BEGIN Source records
(* Fix a directed edge set $\mathcal{E}$ and a randomized design with $0<\mathbb{E}[z_i]<1$ for all $i$. Suppose the individually weighted linear estimator $\hat{\mathrm{est}}({\bf w},{\bf v})=\sum_i(w_iz_i+v_i(1-z_i))Y_i({\bf z})$ is unbiased for $\mathrm{ATE}$ under the heterogeneous additive network effects model with edge set $\mathcal{E}$, for every choice of real parameters $\alpha,\beta,\{\gamma_{ki}\}_{(k,i)\in\mathcal{E}}$. Then necessarily $w_i=\frac{1}{n\mathbb{E}[z_i]}$ and $v_i=-\frac1{n\mathbb{E}[1-z_i]}$, i.e. $\hat{\mathrm{est}}=\frac1n\sum_i\big(\frac{z_i}{\mathbb{E}[z_i]}-\frac{1-z_i}{\mathbb{E}[1-z_i]}\big)Y_i({\bf z})$, and $z_k$ and $z_i$ are independent for every $(k,i)\in\mathcal{E}$.
   Context: Population $[n]$; random treatment vector ${\bf z}\in\{0,1\}^n$ drawn from a randomized design. Heterogeneous additive network effects model: $Y_i({\bf z})=\alpha_i+\beta_iz_i+\sum_{k\in[n]}\gamma_{ki}z_k$ with deterministic real parameters, $\gamma_{ki}=0$ unless $(k,i)\in\mathcal{E}$, where $\mathcal{E}$ is a set of ordered pairs $(k,i)$, $k\neq i$. Average (direct) treatment effect: $\mathrm{ATE}=\frac1n\sum_i(Y_i({\bf e}_i)-Y_i({\bf 0}))=\frac1n\sum_i\beta_i$, where ${\bf e}_i$ is the $i$-th standard basis vector. Individually weighted linear estimators have deterministic weights ${\bf w},{\bf v}$ not depending on ${\bf z}$. *)

theory Defs
  imports "HOL-Probability.Probability"
begin

text \<open>Population = the finite type 'n (so n = CARD('n)); a treatment vector is
  z :: 'n \<Rightarrow> bool, with z i read as the indicator of treatment of unit i.
  A randomized design is a pmf on treatment vectors.\<close>

definition zind :: "bool \<Rightarrow> real" where
  "zind b = (if b then 1 else 0)"

definition HANE_outcome ::
  "('n::finite \<Rightarrow> real) \<Rightarrow> ('n \<Rightarrow> real) \<Rightarrow> ('n \<Rightarrow> 'n \<Rightarrow> real) \<Rightarrow> 'n \<Rightarrow> ('n \<Rightarrow> bool) \<Rightarrow> real" where
  "HANE_outcome \<alpha> \<beta> \<gamma> i z = \<alpha> i + \<beta> i * zind (z i) + (\<Sum>k\<in>UNIV. \<gamma> k i * zind (z k))"

definition ATE :: "('n::finite \<Rightarrow> ('n \<Rightarrow> bool) \<Rightarrow> real) \<Rightarrow> real" where
  "ATE Y = (1 / real CARD('n)) * (\<Sum>i\<in>UNIV. Y i (\<lambda>j. j = i) - Y i (\<lambda>_. False))"

definition est :: "('n::finite \<Rightarrow> real) \<Rightarrow> ('n \<Rightarrow> real) \<Rightarrow> ('n \<Rightarrow> ('n \<Rightarrow> bool) \<Rightarrow> real) \<Rightarrow> ('n \<Rightarrow> bool) \<Rightarrow> real" where
  "est w v Y z = (\<Sum>i\<in>UNIV. (w i * zind (z i) + v i * (1 - zind (z i))) * Y i z)"

end

theory Submission
  imports Defs
begin

text \<open>The expectation of the estimator is linear in the model parameters \<open>\<alpha>, \<beta>, \<gamma>\<close>, and so is
  the ATE, so unbiasedness for all parameters is unbiasedness coefficient by coefficient. With
  \<open>a\<^sub>i = w\<^sub>i z\<^sub>i + v\<^sub>i (1 - z\<^sub>i)\<close>, the coefficients of \<open>\<alpha>\<^sub>j\<close>, \<open>\<beta>\<^sub>j\<close> and \<open>\<gamma>\<^sub>k\<^sub>i\<close> give
  \<open>E[a\<^sub>j] = 0\<close>, \<open>E[a\<^sub>j z\<^sub>j] = 1/n\<close> and \<open>E[a\<^sub>i z\<^sub>k] = 0\<close> for every edge \<open>(k, i)\<close>. The first two
  determine \<open>w\<^sub>j\<close> and \<open>v\<^sub>j\<close>; substituted into the third they force \<open>E[z\<^sub>k z\<^sub>i] = E[z\<^sub>k] E[z\<^sub>i]\<close>,
  and two uncorrelated Boolean random variables are independent.\<close>

lemma expectation_zind_affine:
  fixes D :: "'a::finite pmf" and X :: "'a \<Rightarrow> bool" and a b :: real
  shows "measure_pmf.expectation D (\<lambda>x. a * zind (X x) + b * (1 - zind (X x)))
       = a * measure_pmf.expectation D (\<lambda>x. zind (X x))
         + b * (1 - measure_pmf.expectation D (\<lambda>x. zind (X x)))"
  by (simp add: integrable_measure_pmf_finite)

lemma expectation_zind_bilinear:
  fixes D :: "'a::finite pmf" and X Y :: "'a \<Rightarrow> bool" and a b c d :: real
  defines "p \<equiv> measure_pmf.expectation D (\<lambda>x. zind (X x))"
    and "r \<equiv> measure_pmf.expectation D (\<lambda>x. zind (Y x))"
    and "q \<equiv> measure_pmf.expectation D (\<lambda>x. zind (X x) * zind (Y x))"
  shows "measure_pmf.expectation D
           (\<lambda>x. (a * zind (X x) + b * (1 - zind (X x))) * (c * zind (Y x) + d * (1 - zind (Y x))))
       = a * c * q + a * d * (p - q) + b * c * (r - q) + b * d * (1 - p - r + q)"
proof -
  have "(a * zind (X x) + b * (1 - zind (X x))) * (c * zind (Y x) + d * (1 - zind (Y x)))
      = (a * c - a * d - b * c + b * d) * (zind (X x) * zind (Y x))
        + (a * d - b * d) * zind (X x) + (b * c - b * d) * zind (Y x) + b * d" for x
    by (simp add: algebra_simps)
  then show ?thesis
    by (simp add: integrable_measure_pmf_finite p_def q_def r_def algebra_simps)
qed

lemma of_bool_mem_eq_zind_affine:
  "of_bool (b \<in> A) = of_bool (True \<in> A) * zind b + of_bool (False \<in> A) * (1 - zind b)"
  by (cases b) (auto simp: zind_def)

lemma prob_eq_expectation_of_bool:
  fixes D :: "'a pmf"
  shows "measure_pmf.prob D S = measure_pmf.expectation D (\<lambda>x. of_bool (x \<in> S))"
  by (simp flip: indicator_def)

lemma Int_stable_vimage: "Int_stable {f -` A \<inter> S | A. A \<in> sets M}"
proof (rule Int_stableI, safe)
  fix A B assume "A \<in> sets M" "B \<in> sets M"
  then show "\<exists>C. f -` A \<inter> S \<inter> (f -` B \<inter> S) = f -` C \<inter> S \<and> C \<in> sets M"
    by (intro exI[of _ "A \<inter> B"]) auto
qed

lemma indep_var_bool_pmfI:
  fixes D :: "'a::finite pmf" and X Y :: "'a \<Rightarrow> bool"
  assumes uncorrelated: "measure_pmf.expectation D (\<lambda>x. zind (X x) * zind (Y x))
      = measure_pmf.expectation D (\<lambda>x. zind (X x)) * measure_pmf.expectation D (\<lambda>x. zind (Y x))"
  shows "prob_space.indep_var (measure_pmf D) (count_space UNIV) X (count_space UNIV) Y"
  unfolding prob_space.indep_var_eq[OF measure_pmf.prob_space_axioms]
proof (intro conjI prob_space.indep_set_sigma_sets[OF measure_pmf.prob_space_axioms])
  show "prob_space.indep_set (measure_pmf D)
          {X -` A \<inter> space (measure_pmf D) |A. A \<in> sets (count_space UNIV)}
          {Y -` B \<inter> space (measure_pmf D) |B. B \<in> sets (count_space UNIV)}"
  proof (safe intro!: prob_space.indep_setI[OF measure_pmf.prob_space_axioms])
    fix A B :: "bool set"
    have "measure_pmf.prob D (X -` A \<inter> Y -` B)
        = measure_pmf.expectation D (\<lambda>x. of_bool (X x \<in> A) * of_bool (Y x \<in> B))"
      by (simp add: prob_eq_expectation_of_bool of_bool_conj)
    \<comment> \<open>Both indicators are affine in \<open>zind\<close>, so the product rule for \<open>A = B = {True}\<close>
      propagates to all events by bilinearity.\<close>
    also have "\<dots> = measure_pmf.expectation D (\<lambda>x. of_bool (X x \<in> A))
                  * measure_pmf.expectation D (\<lambda>x. of_bool (Y x \<in> B))"
      by (simp only: of_bool_mem_eq_zind_affine[of "X _"] of_bool_mem_eq_zind_affine[of "Y _"]
            expectation_zind_bilinear expectation_zind_affine uncorrelated)
        (simp add: algebra_simps)
    also have "\<dots> = measure_pmf.prob D (X -` A) * measure_pmf.prob D (Y -` B)"
      by (simp add: prob_eq_expectation_of_bool)
    finally show "measure_pmf.prob D (X -` A \<inter> space (measure_pmf D) \<inter> (Y -` B \<inter> space (measure_pmf D)))
        = measure_pmf.prob D (X -` A \<inter> space (measure_pmf D))
          * measure_pmf.prob D (Y -` B \<inter> space (measure_pmf D))"
      by simp
  qed auto
qed (rule Int_stable_vimage | simp)+

definition est_weight :: "('n \<Rightarrow> real) \<Rightarrow> ('n \<Rightarrow> real) \<Rightarrow> 'n \<Rightarrow> ('n \<Rightarrow> bool) \<Rightarrow> real" where
  "est_weight w v i z = w i * zind (z i) + v i * (1 - zind (z i))"

definition unbiased_under_HANE ::
  "('n::finite \<Rightarrow> bool) pmf \<Rightarrow> ('n \<times> 'n) set \<Rightarrow> ('n \<Rightarrow> real) \<Rightarrow> ('n \<Rightarrow> real) \<Rightarrow> bool" where
  "unbiased_under_HANE D \<E> w v \<longleftrightarrow>
     (\<forall>\<alpha> \<beta> (\<gamma> :: 'n \<Rightarrow> 'n \<Rightarrow> real). (\<forall>k i. (k, i) \<notin> \<E> \<longrightarrow> \<gamma> k i = 0) \<longrightarrow>
        measure_pmf.expectation D (est w v (HANE_outcome \<alpha> \<beta> \<gamma>)) = ATE (HANE_outcome \<alpha> \<beta> \<gamma>))"

lemma expectation_est_HANE_outcome:
  fixes D :: "('n::finite \<Rightarrow> bool) pmf"
  shows "measure_pmf.expectation D (est w v (HANE_outcome \<alpha> \<beta> \<gamma>))
       = (\<Sum>i\<in>UNIV. \<alpha> i * measure_pmf.expectation D (est_weight w v i)
            + \<beta> i * measure_pmf.expectation D (\<lambda>z. est_weight w v i z * zind (z i))
            + (\<Sum>k\<in>UNIV. \<gamma> k i * measure_pmf.expectation D (\<lambda>z. est_weight w v i z * zind (z k))))"
proof -
  have "est w v (HANE_outcome \<alpha> \<beta> \<gamma>)
      = (\<lambda>z. \<Sum>i\<in>UNIV. \<alpha> i * est_weight w v i z + \<beta> i * (est_weight w v i z * zind (z i))
            + (\<Sum>k\<in>UNIV. \<gamma> k i * (est_weight w v i z * zind (z k))))"
    unfolding est_def HANE_outcome_def est_weight_def[symmetric]
    by (simp add: ring_distribs sum_distrib_left mult_ac fun_eq_iff)
  then show ?thesis
    by (simp add: integrable_measure_pmf_finite integral_sum)
qed

lemma ATE_HANE_outcome:
  fixes \<beta> :: "'n::finite \<Rightarrow> real"
  shows "ATE (HANE_outcome \<alpha> \<beta> \<gamma>) = (\<Sum>i\<in>UNIV. \<beta> i + \<gamma> i i) / real CARD('n)"
proof -
  have "HANE_outcome \<alpha> \<beta> \<gamma> i (\<lambda>j. j = i) - HANE_outcome \<alpha> \<beta> \<gamma> i (\<lambda>_. False) = \<beta> i + \<gamma> i i" for i
    by (simp add: HANE_outcome_def zind_def if_distrib cong: if_cong)
  then show ?thesis
    by (simp add: ATE_def)
qed

lemma unbiased_under_HANE_moments:
  fixes D :: "('n::finite \<Rightarrow> bool) pmf"
  assumes unbiased: "unbiased_under_HANE D \<E> w v"
  shows "measure_pmf.expectation D (est_weight w v j) = 0"
    and "measure_pmf.expectation D (\<lambda>z. est_weight w v j z * zind (z j)) = 1 / real CARD('n)"
    and "(k, i) \<in> \<E> \<Longrightarrow> k \<noteq> i \<Longrightarrow>
           measure_pmf.expectation D (\<lambda>z. est_weight w v i z * zind (z k)) = 0"
proof -
  note unbiased = unbiased[unfolded unbiased_under_HANE_def, rule_format]
  show "measure_pmf.expectation D (est_weight w v j) = 0"
    using unbiased[where \<alpha>="\<lambda>i. of_bool (i = j)" and \<beta>="\<lambda>_. 0" and \<gamma>="\<lambda>_ _. 0"]
    by (simp add: expectation_est_HANE_outcome ATE_HANE_outcome)
  show "measure_pmf.expectation D (\<lambda>z. est_weight w v j z * zind (z j)) = 1 / real CARD('n)"
    using unbiased[where \<alpha>="\<lambda>_. 0" and \<beta>="\<lambda>i. of_bool (i = j)" and \<gamma>="\<lambda>_ _. 0"]
    by (simp add: expectation_est_HANE_outcome ATE_HANE_outcome)
  show "measure_pmf.expectation D (\<lambda>z. est_weight w v i z * zind (z k)) = 0"
    if "(k, i) \<in> \<E>" "k \<noteq> i"
  proof -
    let ?\<gamma> = "\<lambda>a b. of_bool (a = k) * of_bool (b = i) :: real"
    have "measure_pmf.expectation D (est w v (HANE_outcome (\<lambda>_. 0) (\<lambda>_. 0) ?\<gamma>))
        = ATE (HANE_outcome (\<lambda>_. 0) (\<lambda>_. 0) ?\<gamma>)"
      using that by (intro unbiased) auto
    then show ?thesis
      using that
      by (simp add: expectation_est_HANE_outcome ATE_HANE_outcome of_bool_def
          if_distrib[where f="\<lambda>x. x * _"] cong: if_cong)
  qed
qed

lemma unbiased_under_HANE_weights:
  fixes D :: "('n::finite \<Rightarrow> bool) pmf" and i :: 'n
  defines "p \<equiv> measure_pmf.expectation D (\<lambda>z. zind (z i))"
  assumes unbiased: "unbiased_under_HANE D \<E> w v" and "0 < p" "p < 1"
  shows "w i = 1 / (real CARD('n) * p) \<and> v i = - 1 / (real CARD('n) * (1 - p))"
proof -
  have "(\<lambda>z. est_weight w v i z * zind (z i)) = (\<lambda>z. w i * zind (z i))"
    by (simp add: fun_eq_iff est_weight_def zind_def)
  then have treated: "w i * p = 1 / real CARD('n)"
    using unbiased_under_HANE_moments(2)[OF unbiased, of i] by (simp add: p_def)
  have "w i * p + v i * (1 - p) = 0"
    using unbiased_under_HANE_moments(1)[OF unbiased, of i]
    by (simp add: est_weight_def[abs_def] expectation_zind_affine p_def)
  with treated have "v i * (1 - p) = - 1 / real CARD('n)"
    by linarith
  with treated \<open>0 < p\<close> \<open>p < 1\<close> show ?thesis
    by (simp add: field_simps)
qed

lemma unbiased_under_HANE_indep_var:
  fixes D :: "('n::finite \<Rightarrow> bool) pmf"
  defines "p \<equiv> \<lambda>j. measure_pmf.expectation D (\<lambda>z. zind (z j))"
  assumes unbiased: "unbiased_under_HANE D \<E> w v"
    and edge: "(k, i) \<in> \<E>" "k \<noteq> i" and "0 < p i" "p i < 1"
  shows "prob_space.indep_var (measure_pmf D) (count_space UNIV) (\<lambda>z. z k) (count_space UNIV) (\<lambda>z. z i)"
proof (rule indep_var_bool_pmfI)
  define n where "n = real CARD('n)"
  define q where "q = measure_pmf.expectation D (\<lambda>z. zind (z i) * zind (z k))"
  have "w i * q + v i * (p k - q) = 0"
    using unbiased_under_HANE_moments(3)[OF unbiased edge]
      expectation_zind_bilinear[where X="\<lambda>z. z i" and Y="\<lambda>z. z k"
        and a="w i" and b="v i" and c=1 and d=0]
    by (simp add: est_weight_def p_def q_def)
  moreover have "w i = 1 / (n * p i)" "v i = - 1 / (n * (1 - p i))"
    using unbiased_under_HANE_weights[OF unbiased] \<open>0 < p i\<close> \<open>p i < 1\<close> by (simp_all add: n_def p_def)
  moreover have "0 < n"
    by (simp add: n_def)
  ultimately have "q = p k * p i"
    using \<open>0 < p i\<close> \<open>p i < 1\<close> by (simp add: field_simps)
  then show "measure_pmf.expectation D (\<lambda>z. zind (z k) * zind (z i))
      = measure_pmf.expectation D (\<lambda>z. zind (z k)) * measure_pmf.expectation D (\<lambda>z. zind (z i))"
    by (simp add: q_def p_def mult.commute)
qed

theorem theorem3:
  fixes D :: "('n::finite \<Rightarrow> bool) pmf"
    and \<E> :: "('n \<times> 'n) set"
    and w v :: "'n \<Rightarrow> real"
  assumes edges: "\<forall>(k, i)\<in>\<E>. k \<noteq> i"
    and design: "\<forall>i. 0 < measure_pmf.expectation D (\<lambda>z. zind (z i))
                    \<and> measure_pmf.expectation D (\<lambda>z. zind (z i)) < 1"
    and unbiased: "\<forall>\<alpha> \<beta> (\<gamma> :: 'n \<Rightarrow> 'n \<Rightarrow> real).
                    (\<forall>k i. (k, i) \<notin> \<E> \<longrightarrow> \<gamma> k i = 0) \<longrightarrow>
                    measure_pmf.expectation D (est w v (HANE_outcome \<alpha> \<beta> \<gamma>))
                      = ATE (HANE_outcome \<alpha> \<beta> \<gamma>)"
  shows "(\<forall>i. w i = 1 / (real CARD('n) * measure_pmf.expectation D (\<lambda>z. zind (z i)))
            \<and> v i = - 1 / (real CARD('n) * measure_pmf.expectation D (\<lambda>z. 1 - zind (z i))))
         \<and> (\<forall>(k, i)\<in>\<E>. prob_space.indep_var (measure_pmf D)
                (count_space UNIV) (\<lambda>z. z k) (count_space UNIV) (\<lambda>z. z i))"
proof -
  have unbiased': "unbiased_under_HANE D \<E> w v"
    using unbiased unfolding unbiased_under_HANE_def .
  have "measure_pmf.expectation D (\<lambda>z. 1 - zind (z i))
      = 1 - measure_pmf.expectation D (\<lambda>z. zind (z i))" for i
    by (simp add: integrable_measure_pmf_finite)
  then show ?thesis
    using unbiased_under_HANE_weights[OF unbiased'] unbiased_under_HANE_indep_var[OF unbiased']
      edges design by auto
qed

end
END Source records
Work request -> Can you repeat, word for word, every line above from the one containing "and two uncorrelated" down to the one containing "(\<lambda>x. (a *", including both?

Written solution ->
  and two uncorrelated Boolean random variables are independent.\<close>

lemma expectation_zind_affine:
  fixes D :: "'a::finite pmf" and X :: "'a \<Rightarrow> bool" and a b :: real
  shows "measure_pmf.expectation D (\<lambda>x. a * zind (X x) + b * (1 - zind (X x)))
       = a * measure_pmf.expectation D (\<lambda>x. zind (X x))
         + b * (1 - measure_pmf.expectation D (\<lambda>x. zind (X x)))"
  by (simp add: integrable_measure_pmf_finite)

lemma expectation_zind_bilinear:
  fixes D :: "'a::finite pmf" and X Y :: "'a \<Rightarrow> bool" and a b c d :: real
  defines "p \<equiv> measure_pmf.expectation D (\<lambda>x. zind (X x))"
    and "r \<equiv> measure_pmf.expectation D (\<lambda>x. zind (Y x))"
    and "q \<equiv> measure_pmf.expectation D (\<lambda>x. zind (X x) * zind (Y x))"
  shows "measure_pmf.expectation D
           (\<lambda>x. (a * zind (X x) + b * (1 - zind (X x))) * (c * zind (Y x) + d * (1 - zind (Y x))))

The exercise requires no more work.